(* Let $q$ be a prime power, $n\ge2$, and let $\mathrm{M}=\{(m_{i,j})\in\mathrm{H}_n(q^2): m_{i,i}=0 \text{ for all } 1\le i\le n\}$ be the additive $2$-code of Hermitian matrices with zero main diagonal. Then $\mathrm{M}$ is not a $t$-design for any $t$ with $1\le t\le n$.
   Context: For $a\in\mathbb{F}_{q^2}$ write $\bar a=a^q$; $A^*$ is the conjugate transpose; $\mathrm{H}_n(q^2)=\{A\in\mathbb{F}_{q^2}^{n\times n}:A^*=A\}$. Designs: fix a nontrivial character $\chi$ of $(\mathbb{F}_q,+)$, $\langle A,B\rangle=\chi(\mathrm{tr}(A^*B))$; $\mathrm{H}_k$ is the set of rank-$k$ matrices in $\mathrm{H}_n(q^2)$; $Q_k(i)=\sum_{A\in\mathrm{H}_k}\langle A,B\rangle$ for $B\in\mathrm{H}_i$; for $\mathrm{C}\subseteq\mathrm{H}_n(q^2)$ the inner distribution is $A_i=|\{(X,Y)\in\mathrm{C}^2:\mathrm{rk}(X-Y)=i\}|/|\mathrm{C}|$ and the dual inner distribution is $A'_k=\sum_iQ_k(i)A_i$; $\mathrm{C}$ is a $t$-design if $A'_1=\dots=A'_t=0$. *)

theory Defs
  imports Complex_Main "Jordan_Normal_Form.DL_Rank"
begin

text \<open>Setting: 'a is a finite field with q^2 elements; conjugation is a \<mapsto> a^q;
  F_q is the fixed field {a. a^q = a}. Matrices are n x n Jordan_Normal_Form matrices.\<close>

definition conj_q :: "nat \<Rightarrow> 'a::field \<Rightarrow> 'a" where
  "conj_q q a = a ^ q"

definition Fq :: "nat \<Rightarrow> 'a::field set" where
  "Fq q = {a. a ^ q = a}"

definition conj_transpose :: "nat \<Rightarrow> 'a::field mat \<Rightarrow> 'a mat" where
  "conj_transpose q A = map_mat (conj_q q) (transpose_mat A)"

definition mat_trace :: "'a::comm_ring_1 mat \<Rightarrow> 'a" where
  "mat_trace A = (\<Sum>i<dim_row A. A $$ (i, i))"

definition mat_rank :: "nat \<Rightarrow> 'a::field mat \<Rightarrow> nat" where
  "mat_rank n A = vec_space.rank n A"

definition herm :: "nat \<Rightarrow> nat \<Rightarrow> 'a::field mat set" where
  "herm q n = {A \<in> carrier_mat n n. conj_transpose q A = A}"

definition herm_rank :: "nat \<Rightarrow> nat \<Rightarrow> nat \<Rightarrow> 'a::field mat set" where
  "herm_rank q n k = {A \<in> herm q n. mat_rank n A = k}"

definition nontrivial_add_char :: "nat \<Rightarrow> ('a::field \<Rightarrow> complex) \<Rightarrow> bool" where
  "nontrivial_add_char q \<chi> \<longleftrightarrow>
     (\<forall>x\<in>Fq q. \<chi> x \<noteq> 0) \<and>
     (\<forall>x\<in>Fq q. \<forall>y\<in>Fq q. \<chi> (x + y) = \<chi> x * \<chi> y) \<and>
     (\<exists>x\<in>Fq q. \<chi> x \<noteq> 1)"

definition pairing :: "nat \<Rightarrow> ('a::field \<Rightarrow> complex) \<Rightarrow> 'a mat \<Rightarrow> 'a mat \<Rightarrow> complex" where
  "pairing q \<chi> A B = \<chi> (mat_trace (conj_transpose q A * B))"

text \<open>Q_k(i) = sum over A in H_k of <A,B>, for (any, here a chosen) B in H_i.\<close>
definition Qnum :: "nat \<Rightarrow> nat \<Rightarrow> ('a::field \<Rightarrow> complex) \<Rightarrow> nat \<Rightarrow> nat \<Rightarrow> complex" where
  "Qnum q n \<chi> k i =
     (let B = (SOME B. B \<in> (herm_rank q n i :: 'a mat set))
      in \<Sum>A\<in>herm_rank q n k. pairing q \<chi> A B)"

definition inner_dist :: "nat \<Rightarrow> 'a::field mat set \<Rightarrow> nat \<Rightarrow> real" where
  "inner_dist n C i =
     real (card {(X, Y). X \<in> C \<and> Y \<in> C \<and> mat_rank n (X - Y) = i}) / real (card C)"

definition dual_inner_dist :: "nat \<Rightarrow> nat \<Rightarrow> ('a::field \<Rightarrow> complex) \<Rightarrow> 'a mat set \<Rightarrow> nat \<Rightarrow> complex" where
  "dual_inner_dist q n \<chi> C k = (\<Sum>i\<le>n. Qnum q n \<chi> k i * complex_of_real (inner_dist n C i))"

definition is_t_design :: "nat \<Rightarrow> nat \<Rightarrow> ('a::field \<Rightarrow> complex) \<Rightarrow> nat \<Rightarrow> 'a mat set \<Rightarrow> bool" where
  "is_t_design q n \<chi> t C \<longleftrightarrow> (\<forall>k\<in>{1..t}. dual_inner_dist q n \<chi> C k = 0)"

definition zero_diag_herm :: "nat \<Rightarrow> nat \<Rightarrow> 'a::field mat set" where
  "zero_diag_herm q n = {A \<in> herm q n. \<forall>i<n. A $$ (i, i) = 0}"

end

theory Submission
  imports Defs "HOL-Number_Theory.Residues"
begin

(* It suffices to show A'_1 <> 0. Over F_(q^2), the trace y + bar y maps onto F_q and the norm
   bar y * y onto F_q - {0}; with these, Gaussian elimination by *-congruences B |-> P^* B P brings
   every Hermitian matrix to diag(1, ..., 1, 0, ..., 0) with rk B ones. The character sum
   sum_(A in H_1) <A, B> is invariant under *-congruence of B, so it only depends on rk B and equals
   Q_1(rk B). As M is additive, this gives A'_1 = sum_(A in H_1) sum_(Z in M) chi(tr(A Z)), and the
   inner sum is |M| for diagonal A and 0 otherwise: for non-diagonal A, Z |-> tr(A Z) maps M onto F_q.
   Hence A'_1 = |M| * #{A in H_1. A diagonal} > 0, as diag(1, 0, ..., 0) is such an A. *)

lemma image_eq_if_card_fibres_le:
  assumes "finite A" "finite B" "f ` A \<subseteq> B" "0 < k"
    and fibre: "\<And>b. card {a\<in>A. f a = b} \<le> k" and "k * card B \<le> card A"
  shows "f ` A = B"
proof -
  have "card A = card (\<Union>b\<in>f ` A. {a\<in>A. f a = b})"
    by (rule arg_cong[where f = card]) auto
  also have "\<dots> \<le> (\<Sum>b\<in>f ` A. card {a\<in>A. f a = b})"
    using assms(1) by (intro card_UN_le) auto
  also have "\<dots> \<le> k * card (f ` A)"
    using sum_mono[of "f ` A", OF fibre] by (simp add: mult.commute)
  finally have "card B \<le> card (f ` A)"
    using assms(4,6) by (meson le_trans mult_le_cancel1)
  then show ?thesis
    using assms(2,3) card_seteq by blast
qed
+===+
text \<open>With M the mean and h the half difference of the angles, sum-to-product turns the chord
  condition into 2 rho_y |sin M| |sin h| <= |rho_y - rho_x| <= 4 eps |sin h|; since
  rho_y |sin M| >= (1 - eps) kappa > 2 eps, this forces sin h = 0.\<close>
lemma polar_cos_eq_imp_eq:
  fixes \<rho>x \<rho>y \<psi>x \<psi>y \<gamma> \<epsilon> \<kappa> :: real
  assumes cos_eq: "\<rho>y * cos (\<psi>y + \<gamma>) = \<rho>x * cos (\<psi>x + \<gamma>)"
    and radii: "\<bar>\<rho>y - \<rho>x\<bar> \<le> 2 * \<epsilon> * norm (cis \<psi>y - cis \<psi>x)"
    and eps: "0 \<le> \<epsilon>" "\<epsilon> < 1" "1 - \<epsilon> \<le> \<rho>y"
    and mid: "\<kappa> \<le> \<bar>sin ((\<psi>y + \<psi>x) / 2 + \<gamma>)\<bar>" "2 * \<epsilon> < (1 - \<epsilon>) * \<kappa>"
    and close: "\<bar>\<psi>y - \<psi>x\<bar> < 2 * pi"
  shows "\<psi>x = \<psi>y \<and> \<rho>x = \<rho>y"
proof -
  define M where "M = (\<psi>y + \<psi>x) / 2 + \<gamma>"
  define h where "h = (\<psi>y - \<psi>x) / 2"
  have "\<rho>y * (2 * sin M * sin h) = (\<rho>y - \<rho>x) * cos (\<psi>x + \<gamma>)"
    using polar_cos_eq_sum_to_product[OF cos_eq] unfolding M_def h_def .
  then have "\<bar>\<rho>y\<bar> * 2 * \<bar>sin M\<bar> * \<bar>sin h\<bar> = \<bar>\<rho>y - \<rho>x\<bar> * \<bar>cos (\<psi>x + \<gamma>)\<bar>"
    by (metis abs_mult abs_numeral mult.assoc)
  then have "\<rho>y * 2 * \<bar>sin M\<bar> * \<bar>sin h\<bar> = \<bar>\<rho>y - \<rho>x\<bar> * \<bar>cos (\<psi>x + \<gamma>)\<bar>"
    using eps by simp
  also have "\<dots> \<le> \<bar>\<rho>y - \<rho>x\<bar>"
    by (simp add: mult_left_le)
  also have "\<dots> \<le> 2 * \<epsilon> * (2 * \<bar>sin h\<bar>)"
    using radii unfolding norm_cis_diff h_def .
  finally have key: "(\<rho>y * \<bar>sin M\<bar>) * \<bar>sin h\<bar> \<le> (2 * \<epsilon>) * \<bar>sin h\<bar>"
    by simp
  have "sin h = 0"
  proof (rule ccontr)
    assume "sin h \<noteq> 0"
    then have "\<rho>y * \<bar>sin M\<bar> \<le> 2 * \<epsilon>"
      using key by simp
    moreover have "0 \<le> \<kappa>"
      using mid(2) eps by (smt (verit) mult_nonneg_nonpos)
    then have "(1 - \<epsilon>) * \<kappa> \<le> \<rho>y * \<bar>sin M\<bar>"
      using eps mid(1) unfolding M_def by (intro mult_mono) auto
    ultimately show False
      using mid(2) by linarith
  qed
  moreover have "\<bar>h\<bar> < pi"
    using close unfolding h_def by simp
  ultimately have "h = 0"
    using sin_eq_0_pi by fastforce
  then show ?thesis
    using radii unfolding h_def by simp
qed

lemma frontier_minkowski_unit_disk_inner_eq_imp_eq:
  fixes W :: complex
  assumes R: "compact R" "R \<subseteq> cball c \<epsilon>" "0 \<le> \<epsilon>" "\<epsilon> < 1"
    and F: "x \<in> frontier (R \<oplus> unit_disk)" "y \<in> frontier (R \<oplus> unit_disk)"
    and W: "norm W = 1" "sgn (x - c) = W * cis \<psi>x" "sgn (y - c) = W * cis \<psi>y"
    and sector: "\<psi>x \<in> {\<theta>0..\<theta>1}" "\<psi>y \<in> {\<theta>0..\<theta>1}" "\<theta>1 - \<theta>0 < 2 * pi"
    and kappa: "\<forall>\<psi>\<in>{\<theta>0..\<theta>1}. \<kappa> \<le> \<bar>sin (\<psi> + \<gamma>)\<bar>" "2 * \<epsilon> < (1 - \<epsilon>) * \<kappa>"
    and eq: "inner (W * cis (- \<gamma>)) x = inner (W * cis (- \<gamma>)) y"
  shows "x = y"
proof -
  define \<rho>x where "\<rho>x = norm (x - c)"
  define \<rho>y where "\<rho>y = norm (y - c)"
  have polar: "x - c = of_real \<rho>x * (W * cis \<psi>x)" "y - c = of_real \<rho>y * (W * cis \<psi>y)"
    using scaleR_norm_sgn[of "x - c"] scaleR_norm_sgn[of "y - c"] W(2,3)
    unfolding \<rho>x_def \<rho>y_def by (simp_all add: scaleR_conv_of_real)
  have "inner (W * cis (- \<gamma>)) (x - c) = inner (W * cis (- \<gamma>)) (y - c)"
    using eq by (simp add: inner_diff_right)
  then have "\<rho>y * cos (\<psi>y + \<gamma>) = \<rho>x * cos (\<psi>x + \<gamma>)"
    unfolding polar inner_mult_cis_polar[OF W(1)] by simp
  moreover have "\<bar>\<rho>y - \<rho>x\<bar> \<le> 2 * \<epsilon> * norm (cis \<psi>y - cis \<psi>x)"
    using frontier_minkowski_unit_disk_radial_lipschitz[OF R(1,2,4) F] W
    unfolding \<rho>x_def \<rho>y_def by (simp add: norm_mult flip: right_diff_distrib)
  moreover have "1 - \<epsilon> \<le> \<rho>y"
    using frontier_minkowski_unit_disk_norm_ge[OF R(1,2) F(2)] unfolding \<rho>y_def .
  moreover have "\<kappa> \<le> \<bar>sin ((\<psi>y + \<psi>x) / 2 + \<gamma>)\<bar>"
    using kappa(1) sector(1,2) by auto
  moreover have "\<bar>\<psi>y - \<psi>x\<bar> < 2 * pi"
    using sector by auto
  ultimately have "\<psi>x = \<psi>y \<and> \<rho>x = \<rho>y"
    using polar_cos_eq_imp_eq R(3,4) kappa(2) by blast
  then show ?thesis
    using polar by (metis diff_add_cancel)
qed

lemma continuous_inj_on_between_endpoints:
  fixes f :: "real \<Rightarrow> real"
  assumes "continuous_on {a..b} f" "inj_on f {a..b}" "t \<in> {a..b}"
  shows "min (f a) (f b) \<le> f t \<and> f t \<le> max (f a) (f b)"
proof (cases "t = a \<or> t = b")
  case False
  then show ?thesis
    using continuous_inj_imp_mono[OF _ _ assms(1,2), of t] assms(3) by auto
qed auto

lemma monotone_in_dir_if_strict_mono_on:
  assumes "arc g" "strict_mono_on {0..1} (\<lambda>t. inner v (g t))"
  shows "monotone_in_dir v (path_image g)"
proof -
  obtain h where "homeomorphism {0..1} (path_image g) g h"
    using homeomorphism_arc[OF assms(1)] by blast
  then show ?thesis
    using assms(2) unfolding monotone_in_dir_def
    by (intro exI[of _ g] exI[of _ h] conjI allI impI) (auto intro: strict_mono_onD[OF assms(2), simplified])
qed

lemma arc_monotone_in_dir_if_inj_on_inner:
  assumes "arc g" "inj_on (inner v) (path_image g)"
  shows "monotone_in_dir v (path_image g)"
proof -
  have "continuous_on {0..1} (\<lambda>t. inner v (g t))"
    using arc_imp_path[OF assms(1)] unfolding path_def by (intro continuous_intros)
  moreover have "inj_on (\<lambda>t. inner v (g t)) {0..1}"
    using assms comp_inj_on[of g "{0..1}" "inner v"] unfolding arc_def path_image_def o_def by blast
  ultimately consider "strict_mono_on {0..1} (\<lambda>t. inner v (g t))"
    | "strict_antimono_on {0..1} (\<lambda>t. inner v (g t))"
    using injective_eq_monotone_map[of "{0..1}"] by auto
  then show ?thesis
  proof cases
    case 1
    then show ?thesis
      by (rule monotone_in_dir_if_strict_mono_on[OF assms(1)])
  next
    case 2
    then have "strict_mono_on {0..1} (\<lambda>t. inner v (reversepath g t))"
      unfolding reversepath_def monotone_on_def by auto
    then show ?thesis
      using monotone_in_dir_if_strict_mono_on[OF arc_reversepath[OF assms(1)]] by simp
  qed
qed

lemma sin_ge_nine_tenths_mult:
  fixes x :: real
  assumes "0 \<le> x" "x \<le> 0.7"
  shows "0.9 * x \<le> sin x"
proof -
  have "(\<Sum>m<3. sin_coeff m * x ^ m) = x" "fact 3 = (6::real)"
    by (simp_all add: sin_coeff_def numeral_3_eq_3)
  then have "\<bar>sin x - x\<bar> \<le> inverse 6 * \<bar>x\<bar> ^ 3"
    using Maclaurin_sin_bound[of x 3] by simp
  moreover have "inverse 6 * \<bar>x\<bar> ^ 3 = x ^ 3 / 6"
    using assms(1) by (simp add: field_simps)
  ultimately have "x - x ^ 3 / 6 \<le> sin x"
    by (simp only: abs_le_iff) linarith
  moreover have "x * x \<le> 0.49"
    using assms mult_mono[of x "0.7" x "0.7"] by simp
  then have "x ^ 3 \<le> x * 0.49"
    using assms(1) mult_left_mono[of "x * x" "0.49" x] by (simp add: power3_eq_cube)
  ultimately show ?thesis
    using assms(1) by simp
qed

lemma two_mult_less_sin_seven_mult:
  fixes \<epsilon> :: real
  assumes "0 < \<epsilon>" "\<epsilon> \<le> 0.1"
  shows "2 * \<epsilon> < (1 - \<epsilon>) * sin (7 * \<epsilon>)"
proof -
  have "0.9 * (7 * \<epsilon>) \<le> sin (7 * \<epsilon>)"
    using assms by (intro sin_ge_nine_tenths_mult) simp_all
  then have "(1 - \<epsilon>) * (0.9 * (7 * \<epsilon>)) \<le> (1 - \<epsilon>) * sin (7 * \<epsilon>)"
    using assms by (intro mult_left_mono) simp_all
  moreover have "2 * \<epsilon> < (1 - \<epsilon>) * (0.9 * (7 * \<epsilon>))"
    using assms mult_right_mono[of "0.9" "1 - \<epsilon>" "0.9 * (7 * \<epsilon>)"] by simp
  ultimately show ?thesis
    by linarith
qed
+===+
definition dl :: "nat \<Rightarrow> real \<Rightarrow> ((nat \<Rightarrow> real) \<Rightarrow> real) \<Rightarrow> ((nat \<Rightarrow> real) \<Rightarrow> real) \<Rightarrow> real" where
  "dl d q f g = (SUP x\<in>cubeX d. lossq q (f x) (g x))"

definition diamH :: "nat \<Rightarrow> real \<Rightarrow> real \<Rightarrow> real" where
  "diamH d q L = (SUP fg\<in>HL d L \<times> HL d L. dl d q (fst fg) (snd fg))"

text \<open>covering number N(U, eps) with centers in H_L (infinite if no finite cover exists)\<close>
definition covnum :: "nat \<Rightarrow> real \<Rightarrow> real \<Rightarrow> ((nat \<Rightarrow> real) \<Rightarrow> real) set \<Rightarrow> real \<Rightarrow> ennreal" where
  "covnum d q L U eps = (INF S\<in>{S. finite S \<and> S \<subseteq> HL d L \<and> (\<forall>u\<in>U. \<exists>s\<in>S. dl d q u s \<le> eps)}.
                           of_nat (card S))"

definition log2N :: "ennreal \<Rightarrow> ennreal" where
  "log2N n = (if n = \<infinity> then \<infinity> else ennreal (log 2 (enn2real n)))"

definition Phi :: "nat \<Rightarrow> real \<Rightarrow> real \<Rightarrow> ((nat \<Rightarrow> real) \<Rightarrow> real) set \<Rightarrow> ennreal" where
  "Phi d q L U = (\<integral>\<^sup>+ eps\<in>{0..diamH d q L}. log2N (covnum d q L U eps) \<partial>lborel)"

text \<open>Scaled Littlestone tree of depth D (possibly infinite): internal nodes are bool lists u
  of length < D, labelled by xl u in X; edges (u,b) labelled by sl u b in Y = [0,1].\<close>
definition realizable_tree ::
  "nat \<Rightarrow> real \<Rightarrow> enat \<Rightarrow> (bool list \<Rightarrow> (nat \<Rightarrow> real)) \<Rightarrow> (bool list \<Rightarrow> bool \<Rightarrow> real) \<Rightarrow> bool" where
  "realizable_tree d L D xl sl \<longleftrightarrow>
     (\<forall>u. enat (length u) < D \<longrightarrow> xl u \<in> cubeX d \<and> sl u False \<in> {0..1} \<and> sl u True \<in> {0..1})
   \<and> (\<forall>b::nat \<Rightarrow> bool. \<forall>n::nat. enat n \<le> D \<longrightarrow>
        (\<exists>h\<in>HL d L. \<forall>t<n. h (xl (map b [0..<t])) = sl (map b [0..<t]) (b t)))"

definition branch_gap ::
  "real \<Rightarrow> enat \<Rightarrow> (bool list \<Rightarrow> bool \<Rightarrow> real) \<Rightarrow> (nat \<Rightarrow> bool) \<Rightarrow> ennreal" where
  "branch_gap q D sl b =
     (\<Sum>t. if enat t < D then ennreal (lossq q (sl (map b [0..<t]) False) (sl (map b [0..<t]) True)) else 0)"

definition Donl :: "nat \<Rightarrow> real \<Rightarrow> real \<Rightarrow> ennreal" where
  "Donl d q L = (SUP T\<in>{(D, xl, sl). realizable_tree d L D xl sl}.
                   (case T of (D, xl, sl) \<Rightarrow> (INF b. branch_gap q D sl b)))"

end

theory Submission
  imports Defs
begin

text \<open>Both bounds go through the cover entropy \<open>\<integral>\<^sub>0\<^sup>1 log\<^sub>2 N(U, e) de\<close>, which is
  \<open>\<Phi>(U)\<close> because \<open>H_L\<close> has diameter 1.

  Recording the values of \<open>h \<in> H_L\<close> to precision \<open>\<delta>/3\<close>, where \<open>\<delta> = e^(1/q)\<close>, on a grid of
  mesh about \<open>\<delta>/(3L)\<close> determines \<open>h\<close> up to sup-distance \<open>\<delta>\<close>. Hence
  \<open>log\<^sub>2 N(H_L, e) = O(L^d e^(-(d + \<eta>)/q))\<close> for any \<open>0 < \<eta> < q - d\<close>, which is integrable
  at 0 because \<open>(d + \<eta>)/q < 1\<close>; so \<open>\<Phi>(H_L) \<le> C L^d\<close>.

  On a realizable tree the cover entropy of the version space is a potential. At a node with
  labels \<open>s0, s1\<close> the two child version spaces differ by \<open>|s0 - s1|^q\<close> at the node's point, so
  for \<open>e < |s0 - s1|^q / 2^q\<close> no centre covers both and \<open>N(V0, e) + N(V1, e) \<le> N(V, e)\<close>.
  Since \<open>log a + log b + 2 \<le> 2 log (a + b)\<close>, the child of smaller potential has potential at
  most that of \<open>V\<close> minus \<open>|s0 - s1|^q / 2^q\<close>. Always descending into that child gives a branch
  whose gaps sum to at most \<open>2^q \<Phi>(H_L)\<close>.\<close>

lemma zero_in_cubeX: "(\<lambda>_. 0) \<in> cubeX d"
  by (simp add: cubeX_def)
+===+
-- WHAT THE TASK REQUIRES --
Copy out, from the listing above, every line that contains the word "gives".

-- OUTPUT BELOW --
   Q_1(rk B). As M is additive, this gives A'_1 = sum_(A in H_1) sum_(Z in M) chi(tr(A Z)), and the
  most that of \<open>V\<close> minus \<open>|s0 - s1|^q / 2^q\<close>. Always descending into that child gives a branch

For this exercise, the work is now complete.